#### [Exercise brief]
Each line of the data must be copied exactly.

#### [Exercise materials]
(* Let $S$ be a right non-degenerate semigroup of skew type with generating set $X$, $|X|=n$. Let $2\le i\le n+1$, let $Y\subseteq X$ with $|Y|=i-1$, let $Z\subseteq Y$ and $b\in D_Z$, and let $k$ be the length of $b$ in the generators $X$. Then $(S_{i-1})^k\cap D_Y\subseteq bS$. Furthermore, $(S_{i-1})^{k+1}\cap D_Y\subseteq bS_{i-1}$ and $(S_{i-1}\cap S_{i-1}')^{k+1}\cap D_Y\subseteq b(S_{i-1}\cap S_{i-1}')$.
   Context: A semigroup of skew type is a monoid $S$ with a monoid presentation $S=\langle x_1,\ldots,x_n \mid x_ix_j=x_kx_l\rangle$ consisting of $\binom{n}{2}$ relations, each of the form $x_ix_j=x_kx_l$ with $i\neq j$, $k\neq l$, such that every word $x_px_q$ with $p\neq q$ appears (as one side) in exactly one of the relations; $X=\{x_1,\ldots,x_n\}$. For $a,b\in X$, the partner of $ab$ is the other side of the unique defining relation containing $ab$ if $a\neq b$, and $ab$ itself if $a=b$. $S$ is right non-degenerate if for every $x\in X$ the map $X\to X$ sending $y$ to the first letter of the partner of $xy$ is surjective. For $W\subseteq X$: $S_W=\bigcap_{w\in W}wS$, $S'_W=\bigcap_{w\in W}Sw$, and $D_W=\{s\in S_W\mid \text{if } s=xt \text{ with } x\in X,\ t\in S, \text{ then } x\in W\}$. For $1\le j\le n$: $S_j=\bigcup_{W\subseteq X,|W|=j}S_W$ and $S'_j=\bigcup_{W\subseteq X,|W|=j}S'_W$. For subsets $A\subseteq S$, $A^k$ denotes the set of products of $k$ elements of $A$. *)

theory Defs
  imports Main
begin

text \<open>A monoid presentation on generators X (elements of type 'a) is given by a set R of
  defining relations; a relation (u,v) in R stands for u = v, where u = (p,q) denotes the
  word x_p x_q. Elements of the monoid S are represented by words (lists over X) modulo the
  congruence generated by R; subsets of S are represented by congruence-closed sets of words.\<close>

definition offdiag :: "'a set \<Rightarrow> ('a \<times> 'a) set" where
  "offdiag X = {(a, b). a \<in> X \<and> b \<in> X \<and> a \<noteq> b}"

#### [Answer area]
(* Let $S$ be a right non-degenerate semigroup of skew type with generating set $X$, $|X|=n$. Let $2\le i\le n+1$, let $Y\subseteq X$ with $|Y|=i-1$, let $Z\subseteq Y$ and $b\in D_Z$, and let $k$ be the length of $b$ in the generators $X$. Then $(S_{i-1})^k\cap D_Y\subseteq bS$. Furthermore, $(S_{i-1})^{k+1}\cap D_Y\subseteq bS_{i-1}$ and $(S_{i-1}\cap S_{i-1}')^{k+1}\cap D_Y\subseteq b(S_{i-1}\cap S_{i-1}')$.
   Context: A semigroup of skew type is a monoid $S$ with a monoid presentation $S=\langle x_1,\ldots,x_n \mid x_ix_j=x_kx_l\rangle$ consisting of $\binom{n}{2}$ relations, each of the form $x_ix_j=x_kx_l$ with $i\neq j$, $k\neq l$, such that every word $x_px_q$ with $p\neq q$ appears (as one side) in exactly one of the relations; $X=\{x_1,\ldots,x_n\}$. For $a,b\in X$, the partner of $ab$ is the other side of the unique defining relation containing $ab$ if $a\neq b$, and $ab$ itself if $a=b$. $S$ is right non-degenerate if for every $x\in X$ the map $X\to X$ sending $y$ to the first letter of the partner of $xy$ is surjective. For $W\subseteq X$: $S_W=\bigcap_{w\in W}wS$, $S'_W=\bigcap_{w\in W}Sw$, and $D_W=\{s\in S_W\mid \text{if } s=xt \text{ with } x\in X,\ t\in S, \text{ then } x\in W\}$. For $1\le j\le n$: $S_j=\bigcup_{W\subseteq X,|W|=j}S_W$ and $S'_j=\bigcup_{W\subseteq X,|W|=j}S'_W$. For subsets $A\subseteq S$, $A^k$ denotes the set of products of $k$ elements of $A$. *)

theory Defs
  imports Main
begin

text \<open>A monoid presentation on generators X (elements of type 'a) is given by a set R of
  defining relations; a relation (u,v) in R stands for u = v, where u = (p,q) denotes the
  word x_p x_q. Elements of the monoid S are represented by words (lists over X) modulo the
  congruence generated by R; subsets of S are represented by congruence-closed sets of words.\<close>

definition offdiag :: "'a set \<Rightarrow> ('a \<times> 'a) set" where
  "offdiag X = {(a, b). a \<in> X \<and> b \<in> X \<and> a \<noteq> b}"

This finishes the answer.